§ **Exercise details**
In the listing below, locate the line containing "(\<forall>(n::nat) (a::nat \<Rightarrow>" and the line containing "2 *\<^sub>R m". Output both of them and every line between, exactly as written, and nothing more.

** Opening Records to process block **

(* Let $q\geq 2$ be an integer and $f\in L^2(\mathbb{R}_+^q)$. Let $r\in \{1,\ldots, q-1\}$ and $r' \in \{1,\ldots,q\}$ be such that $r'+2r >2q$. Then, for every integer $p\geq 1$ and every $g\in L^2(\mathbb{R}_+^{p})$ with $r'+2r-2q\le p$, $$((g \otimes f) \frown_r f) \frown_{r'} f =g \frown_{r'+2r-2q} ((f \frown_r f) \frown_{2q-2r} f).$$ In particular, if $(f_n)$ is a sequence in $L^2(\mathbb{R}_+^q)$ such that $(f_n\frown_s f_n)\frown_{s'}f_n\to0$ in $L^2$ for all $s,s'\in\{1,\ldots,q-1\}$ with $s'+2s\le 2q$ and $s+s'\neq q$, then $((g\otimes f_n) \frown_r f_n) \frown_{r'} f_n \to 0$ in $L^2(\mathbb{R}_+^{p+3q-2r-2r'})$ as $n\to\infty$.
   Context: Contraction: for $a\in L^2(\mathbb{R}_+^m)$, $b\in L^2(\mathbb{R}_+^k)$ and $1\le s\le m\wedge k$, $a\frown_s b(t_1,\ldots,t_{m+k-2s})=\int a(t_1,\ldots,t_{m-s},x_1,\ldots,x_s)b(x_s,\ldots,x_1,t_{m-s+1},\ldots,t_{m+k-2s})\,dx_1\cdots dx_s$; $a\frown_0 b=a\otimes b$. *)

theory Defs
  imports "HOL-Analysis.Analysis"
begin

text \<open>The half-line R_+ with Lebesgue measure, and R_+^m as a finite product
  measure indexed by {..<m} (coordinates 0,...,m-1; points are extensional).\<close>
definition Rp :: "real measure" where
  "Rp = restrict_space lborel {0..}"

definition Mq :: "nat \<Rightarrow> (nat \<Rightarrow> real) measure" where
  "Mq m = PiM {..<m} (\<lambda>_. Rp)"

definition L2 :: "nat \<Rightarrow> ((nat \<Rightarrow> real) \<Rightarrow> real) \<Rightarrow> bool" where
  "L2 m f \<longleftrightarrow> f \<in> borel_measurable (Mq m) \<and> integrable (Mq m) (\<lambda>x. (f x)\<^sup>2)"

definition L2norm :: "nat \<Rightarrow> ((nat \<Rightarrow> real) \<Rightarrow> real) \<Rightarrow> real" where
  "L2norm m f = sqrt (\<integral>x. (f x)\<^sup>2 \<partial>Mq m)"

definition tensor :: "nat \<Rightarrow> nat \<Rightarrow> ((nat \<Rightarrow> real) \<Rightarrow> real) \<Rightarrow> ((nat \<Rightarrow> real) \<Rightarrow> real)
    \<Rightarrow> (nat \<Rightarrow> real) \<Rightarrow> real" where
  "tensor m k a b = (\<lambda>t. a (\<lambda>i. if i < m then t i else undefined)
                        * b (\<lambda>i. if i < k then t (m + i) else undefined))"

text \<open>Contraction a \<frown>_s b for a on R_+^m, b on R_+^k, 0 \<le> s \<le> min m k:
  (a \<frown>_s b)(t_1..t_{m+k-2s}) = \<integral> a(t_1..t_{m-s},x_1..x_s) b(x_s..x_1,t_{m-s+1}..t_{m+k-2s}) dx,
  and a \<frown>_0 b = a \<otimes> b.  (0-based indices below.)\<close>
definition contr :: "nat \<Rightarrow> nat \<Rightarrow> nat \<Rightarrow> ((nat \<Rightarrow> real) \<Rightarrow> real) \<Rightarrow> ((nat \<Rightarrow> real) \<Rightarrow> real)
    \<Rightarrow> (nat \<Rightarrow> real) \<Rightarrow> real" where
  "contr m k s a b =
    (if s = 0 then tensor m k a b
     else (\<lambda>t. \<integral>x. a (\<lambda>i. if i < m - s then t i else if i < m then x (i - (m - s)) else undefined)
                  * b (\<lambda>i. if i < s then x (s - 1 - i)
                           else if i < k then t (m - s + (i - s)) else undefined) \<partial>Mq s))"

end

theory Submission
  imports Defs
begin

text \<open>With \<open>c = 2q - 2r\<close>, the contraction \<open>\<frown>\<^sub>r\<close> only touches the \<open>f\<close>-factor of \<open>g \<otimes> f\<close>,
  so \<open>(g \<otimes> f) \<frown>\<^sub>r f = g \<otimes> (f \<frown>\<^sub>r f)\<close>, a function of \<open>p + c\<close> variables. Since \<open>r' > c\<close>, the
  second contraction consumes all \<open>c\<close> variables of \<open>f \<frown>\<^sub>r f\<close> together with \<open>r' - c\<close> variables
  of \<open>g\<close>, and Fubini turns it into \<open>g \<frown>\<^bsub>r'-c\<^esub> ((f \<frown>\<^sub>r f) \<frown>\<^sub>c f)\<close>. The integrability
  that Fubini needs holds for almost every outer point, by the Cauchy--Schwarz bound
  \<open>\<parallel>a \<frown>\<^sub>s b\<parallel> \<le> \<parallel>a\<parallel> \<parallel>b\<parallel>\<close> applied to absolute values. The same bound then gives
  \<open>\<parallel>((g \<otimes> f\<^sub>n) \<frown>\<^sub>r f\<^sub>n) \<frown>\<^sub>r\<^sub>' f\<^sub>n\<parallel> \<le> \<parallel>g\<parallel> \<parallel>(f\<^sub>n \<frown>\<^sub>r f\<^sub>n) \<frown>\<^sub>c f\<^sub>n\<parallel>\<close>, and
  \<open>(r, c)\<close> is one of the admissible pairs of the hypothesis.\<close>

section \<open>Reindexing, splitting and reversing coordinates\<close>

lemma vimage_reindex_PiE:
  assumes f: "bij_betw f I J" and A: "\<And>i. i \<in> I \<Longrightarrow> A i \<subseteq> space N"
  shows "(\<lambda>\<omega>. \<lambda>i\<in>I. \<omega> (f i)) -` Pi\<^sub>E I A \<inter> space (Pi\<^sub>M J (\<lambda>_. N))
    = (\<Pi>\<^sub>E j\<in>J. A (the_inv_into I f j))"
proof (intro set_eqI iffI)
  let ?g = "the_inv_into I f"
  have g: "\<And>j. j \<in> J \<Longrightarrow> ?g j \<in> I" "\<And>i. i \<in> I \<Longrightarrow> ?g (f i) = i" "\<And>j. j \<in> J \<Longrightarrow> f (?g j) = j"
    using f bij_betw_apply[OF bij_betw_the_inv_into[OF f]]
    by (auto simp: bij_betw_def the_inv_into_f_f f_the_inv_into_f_bij_betw)
  fix \<omega>
  show "\<omega> \<in> (\<Pi>\<^sub>E j\<in>J. A (?g j))" if \<omega>: "\<omega> \<in> (\<lambda>\<omega>. \<lambda>i\<in>I. \<omega> (f i)) -` Pi\<^sub>E I A \<inter> space (Pi\<^sub>M J (\<lambda>_. N))"
  proof -
    have "\<omega> j \<in> A (?g j)" if "j \<in> J" for j
      using \<omega> g(1,3)[OF that] by (auto simp: PiE_iff)
    then show ?thesis
      using \<omega> by (auto simp: space_PiM PiE_iff)
  qed
  show "\<omega> \<in> (\<lambda>\<omega>. \<lambda>i\<in>I. \<omega> (f i)) -` Pi\<^sub>E I A \<inter> space (Pi\<^sub>M J (\<lambda>_. N))" if \<omega>: "\<omega> \<in> (\<Pi>\<^sub>E j\<in>J. A (?g j))"
  proof -
    have "f i \<in> J" if "i \<in> I" for i
      using f that by (auto simp: bij_betw_def)
    then have "\<omega> (f i) \<in> A i" if "i \<in> I" for i
      using \<omega> that g(2)[OF that] by (metis PiE_mem)
    moreover have "\<omega> j \<in> space N" if "j \<in> J" for j
      using \<omega> that A[OF g(1)[OF that]] by auto
    ultimately show ?thesis
      using \<omega> by (auto simp: space_PiM PiE_iff)
  qed
qed
(* Every 2-local 1-automorphism of a finite dimensional formally real Jordan algebra $\mathcal{A}$ is an automorphism.
   Context: A real Jordan algebra is formally real if $\sum_i a_i^2=0$ (finite sum) implies each $a_i=0$; $\mathcal{A}$ is unital with identity $1$. A symmetry is $s\in\mathcal{A}$ with $s^2=1$, and $U_s(x)=2s(sx)-x$. A 2-local 1-automorphism is a map $\Delta:\mathcal{A}\to\mathcal{A}$ (not assumed linear) such that for every $x,y\in\mathcal{A}$ there is a symmetry $s$ with $\Delta(x)=U_s(x)$ and $\Delta(y)=U_s(y)$. *)

theory Defs
  imports "HOL-Analysis.Analysis"
begin

definition jordan_algebra :: "('a::real_vector \<Rightarrow> 'a \<Rightarrow> 'a) \<Rightarrow> bool" where
  "jordan_algebra m \<longleftrightarrow>
     (\<forall>x y z. m (x + y) z = m x z + m y z) \<and>
     (\<forall>c x y. m (c *\<^sub>R x) y = c *\<^sub>R m x y) \<and>
     (\<forall>x y. m x y = m y x) \<and>
     (\<forall>x y. m (m x y) (m x x) = m x (m y (m x x)))"

definition jordan_unit :: "('a \<Rightarrow> 'a \<Rightarrow> 'a) \<Rightarrow> 'a \<Rightarrow> bool" where
  "jordan_unit m e \<longleftrightarrow> (\<forall>x. m e x = x \<and> m x e = x)"

definition formally_real :: "('a::real_vector \<Rightarrow> 'a \<Rightarrow> 'a) \<Rightarrow> bool" where
  "formally_real m \<longleftrightarrow>
     (\<forall>(n::nat) (a::nat \<Rightarrow> 'a). (\<Sum>i<n. m (a i) (a i)) = 0 \<longrightarrow> (\<forall>i<n. a i = 0))"

definition finite_dim_space :: "'a::real_vector itself \<Rightarrow> bool" where
  "finite_dim_space _ \<longleftrightarrow> (\<exists>B::'a set. finite B \<and> span B = UNIV)"

definition symmetry :: "('a \<Rightarrow> 'a \<Rightarrow> 'a) \<Rightarrow> 'a \<Rightarrow> 'a \<Rightarrow> bool" where
  "symmetry m e s \<longleftrightarrow> m s s = e"

definition U_op :: "('a::real_vector \<Rightarrow> 'a \<Rightarrow> 'a) \<Rightarrow> 'a \<Rightarrow> 'a \<Rightarrow> 'a" where
  "U_op m s x = 2 *\<^sub>R m s (m s x) - x"

definition two_local_1_automorphism ::
    "('a::real_vector \<Rightarrow> 'a \<Rightarrow> 'a) \<Rightarrow> 'a \<Rightarrow> ('a \<Rightarrow> 'a) \<Rightarrow> bool" where
  "two_local_1_automorphism m e \<Delta> \<longleftrightarrow>
     (\<forall>x y. \<exists>s. symmetry m e s \<and> \<Delta> x = U_op m s x \<and> \<Delta> y = U_op m s y)"

definition jordan_automorphism :: "('a::real_vector \<Rightarrow> 'a \<Rightarrow> 'a) \<Rightarrow> ('a \<Rightarrow> 'a) \<Rightarrow> bool" where
  "jordan_automorphism m T \<longleftrightarrow> linear T \<and> bij T \<and> (\<forall>x y. T (m x y) = m (T x) (T y))"

end

theory Submission
  imports Defs "HOL-Computational_Algebra.Fundamental_Theorem_Algebra"
begin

** Closing Records to process block **

§ **Reply to the exercise**
     (\<forall>(n::nat) (a::nat \<Rightarrow> 'a). (\<Sum>i<n. m (a i) (a i)) = 0 \<longrightarrow> (\<forall>i<n. a i = 0))"

definition finite_dim_space :: "'a::real_vector itself \<Rightarrow> bool" where
  "finite_dim_space _ \<longleftrightarrow> (\<exists>B::'a set. finite B \<and> span B = UNIV)"

definition symmetry :: "('a \<Rightarrow> 'a \<Rightarrow> 'a) \<Rightarrow> 'a \<Rightarrow> 'a \<Rightarrow> bool" where
  "symmetry m e s \<longleftrightarrow> m s s = e"

definition U_op :: "('a::real_vector \<Rightarrow> 'a \<Rightarrow> 'a) \<Rightarrow> 'a \<Rightarrow> 'a \<Rightarrow> 'a" where
  "U_op m s x = 2 *\<^sub>R m s (m s x) - x"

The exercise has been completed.